To do
Nothing but the lines from the one containing "unfolding EF EFCF norm_c" through the end of the entries should be set down, each exactly as written.

Data for analysis
lemma norm1_mat_toeplitz_lower:
  assumes "n \<ge> 1"
  shows "norm1_mat (toeplitz_lower n a) = (\<Sum>p<n. cmod (a p))"
proof -
  have col: "(\<Sum>i<n. cmod (toeplitz_lower n a $$ (i, j))) = (\<Sum>p<n - j. cmod (a p))" if "j < n" for j
  proof -
    have "(\<Sum>i<n. cmod (toeplitz_lower n a $$ (i, j))) = (\<Sum>i<n. if j \<le> i then cmod (a (i - j)) else 0)"
      using that by (intro sum.cong) (auto simp: toeplitz_lower_def)
    also have "\<dots> = (\<Sum>p<n - j. cmod (a p))" using that by (intro sum_if_le_shift) simp
    finally show ?thesis .
  qed
  have "norm1_mat (toeplitz_lower n a) = Max ((\<lambda>j. \<Sum>p<n - j. cmod (a p)) ` {..<n})"
    unfolding norm1_mat_def by (intro arg_cong[where f=Max] image_cong) (auto simp: col)
  also have "\<dots> = (\<Sum>p<n. cmod (a p))"
  proof (rule Max_eqI)
    show "(\<Sum>p<n. cmod (a p)) \<in> (\<lambda>j. \<Sum>p<n - j. cmod (a p)) ` {..<n}"
      using assms by (intro image_eqI[where x=0]) auto
  qed (auto intro!: sum_mono2)
  finally show ?thesis .
qed

lemma norm_inf_mat_toeplitz_lower:
  assumes "n \<ge> 1"
  shows "norm_inf_mat (toeplitz_lower n a) = (\<Sum>p<n. cmod (a p))"
proof -
  have row: "(\<Sum>j<n. cmod (toeplitz_lower n a $$ (i, j))) = (\<Sum>p\<le>i. cmod (a p))" if "i < n" for i
  proof -
    have "(\<Sum>j<n. cmod (toeplitz_lower n a $$ (i, j))) = (\<Sum>j\<le>i. cmod (a (i - j)))"
      using that by (intro sum.mono_neutral_cong_right) (auto simp: toeplitz_lower_def)
    then show ?thesis by (simp add: sum_atMost_reflect[where f="\<lambda>p. cmod (a p)"])
  qed
  have "norm_inf_mat (toeplitz_lower n a) = Max ((\<lambda>i. \<Sum>p\<le>i. cmod (a p)) ` {..<n})"
    unfolding norm_inf_mat_def by (intro arg_cong[where f=Max] image_cong) (auto simp: row)
  also have "\<dots> = (\<Sum>p<n. cmod (a p))"
  proof (rule Max_eqI)
    have "{..n - 1} = {..<n}" using assms by auto
    then show "(\<Sum>p<n. cmod (a p)) \<in> (\<lambda>i. \<Sum>p\<le>i. cmod (a p)) ` {..<n}"
      using assms by (intro image_eqI[where x="n - 1"]) auto
  qed (auto intro!: sum_mono2)
  finally show ?thesis .
qed

lemma sum_norm_shifted_geom_power:
  assumes "s * k \<le> NT"
  shows "(\<Sum>p<NT + 1. cmod (shifted_geom_power c \<mu> s k p))
           = cmod c ^ k * (\<Sum>j = 0..NT - s * k. real ((j + k - 1) choose j) * cmod \<mu> ^ j)"
proof -
  define f where "f j = cmod c ^ k * (real ((j + k - 1) choose j) * cmod \<mu> ^ j)" for j
  have "(\<Sum>p<NT + 1. cmod (shifted_geom_power c \<mu> s k p))
          = (\<Sum>p<NT + 1. if s * k \<le> p then f (p - s * k) else 0)"
    by (intro sum.cong) (auto simp: shifted_geom_power_def f_def norm_mult norm_power)
  also have "\<dots> = (\<Sum>j<NT + 1 - s * k. f j)" using assms by (intro sum_if_le_shift) simp
  also have "{..<NT + 1 - s * k} = {0..NT - s * k}" using assms by auto
  finally show ?thesis by (simp add: f_def sum_distrib_left)
qed

lemma norms_toeplitz_lower_shifted_geom_power:
  fixes c \<mu> :: complex
  assumes "k \<ge> 1" and "s * k \<le> NT"
  defines "E \<equiv> toeplitz_lower (NT + 1) (shifted_geom c \<mu> s)"
  defines "v \<equiv> cmod c ^ k * (\<Sum>j = 0..NT - s * k. real ((j + k - 1) choose j) * cmod \<mu> ^ j)"
  shows "norm1_mat (E ^\<^sub>m k) = v \<and> norm_inf_mat (E ^\<^sub>m k) = v"
  using assms sum_norm_shifted_geom_power[OF assms(2)]
  by (simp add: toeplitz_lower_shifted_geom_power norm1_mat_toeplitz_lower norm_inf_mat_toeplitz_lower)

theorem mainTheorem2:
  fixes lam mu :: complex and m NT :: nat
  assumes "m \<ge> 1" and "NT \<ge> 1"
  defines "Ac \<equiv> bidiag_mat NT mu"
      and "AS \<equiv> bidiag_mat NT (lam ^ m)"
  defines "EF \<equiv> 1\<^sub>m (NT + 1) - mat_inv Ac * AS"
  defines "EFCF \<equiv> (1\<^sub>m (NT + 1) - mat_inv Ac * AS) * (1\<^sub>m (NT + 1) - AS)"
  shows "EF = mat (NT + 1) (NT + 1)
            (\<lambda>(i, j). if i > j then (lam ^ m - mu) * mu ^ (i - j - 1) else 0) \<and>
         EFCF = mat (NT + 1) (NT + 1)
            (\<lambda>(i, j). if i \<ge> j + 2 then (lam ^ m - mu) * lam ^ m * mu ^ (i - j - 2) else 0) \<and>
         (\<forall>k::nat. 1 \<le> k \<and> k \<le> NT \<longrightarrow>
           norm1_mat (EF ^\<^sub>m k) = cmod (lam ^ m - mu) ^ k *
              (\<Sum>j = 0..NT - k. real ((j + k - 1) choose j) * cmod mu ^ j) \<and>
           norm_inf_mat (EF ^\<^sub>m k) = cmod (lam ^ m - mu) ^ k *
              (\<Sum>j = 0..NT - k. real ((j + k - 1) choose j) * cmod mu ^ j)) \<and>
         (\<forall>k::nat. 1 \<le> k \<and> 2 * k \<le> NT \<longrightarrow>
           norm1_mat (EFCF ^\<^sub>m k) = cmod (lam ^ m - mu) ^ k * cmod lam ^ (m * k) *
              (\<Sum>j = 0..NT - 2 * k. real ((j + k - 1) choose j) * cmod mu ^ j) \<and>
           norm_inf_mat (EFCF ^\<^sub>m k) = cmod (lam ^ m - mu) ^ k * cmod lam ^ (m * k) *
              (\<Sum>j = 0..NT - 2 * k. real ((j + k - 1) choose j) * cmod mu ^ j))"
proof -
  have EF: "EF = toeplitz_lower (NT + 1) (shifted_geom (lam ^ m - mu) mu 1)"
    unfolding EF_def Ac_def AS_def by (rule one_minus_inv_bidiag_mult_bidiag)
  have EFCF: "EFCF = toeplitz_lower (NT + 1) (shifted_geom ((lam ^ m - mu) * lam ^ m) mu 2)"
    unfolding EFCF_def Ac_def AS_def by (rule one_minus_inv_bidiag_mult_bidiag_mult)
  have norm_c: "cmod ((lam ^ m - mu) * lam ^ m) ^ k = cmod (lam ^ m - mu) ^ k * cmod lam ^ (m * k)"
    for k by (simp add: norm_mult norm_power power_mult_distrib power_mult)
  show ?thesis
    using norms_toeplitz_lower_shifted_geom_power[where s=1 and NT=NT and c="lam ^ m - mu" and \<mu>=mu]
          norms_toeplitz_lower_shifted_geom_power[where s=2 and NT=NT and c="(lam ^ m - mu) * lam ^ m" and \<mu>=mu]
    unfolding EF EFCF norm_c
    by (auto intro!: eq_matI simp: toeplitz_lower_def shifted_geom_def)
qed

end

Result
    unfolding EF EFCF norm_c
    by (auto intro!: eq_matI simp: toeplitz_lower_def shifted_geom_def)
qed

end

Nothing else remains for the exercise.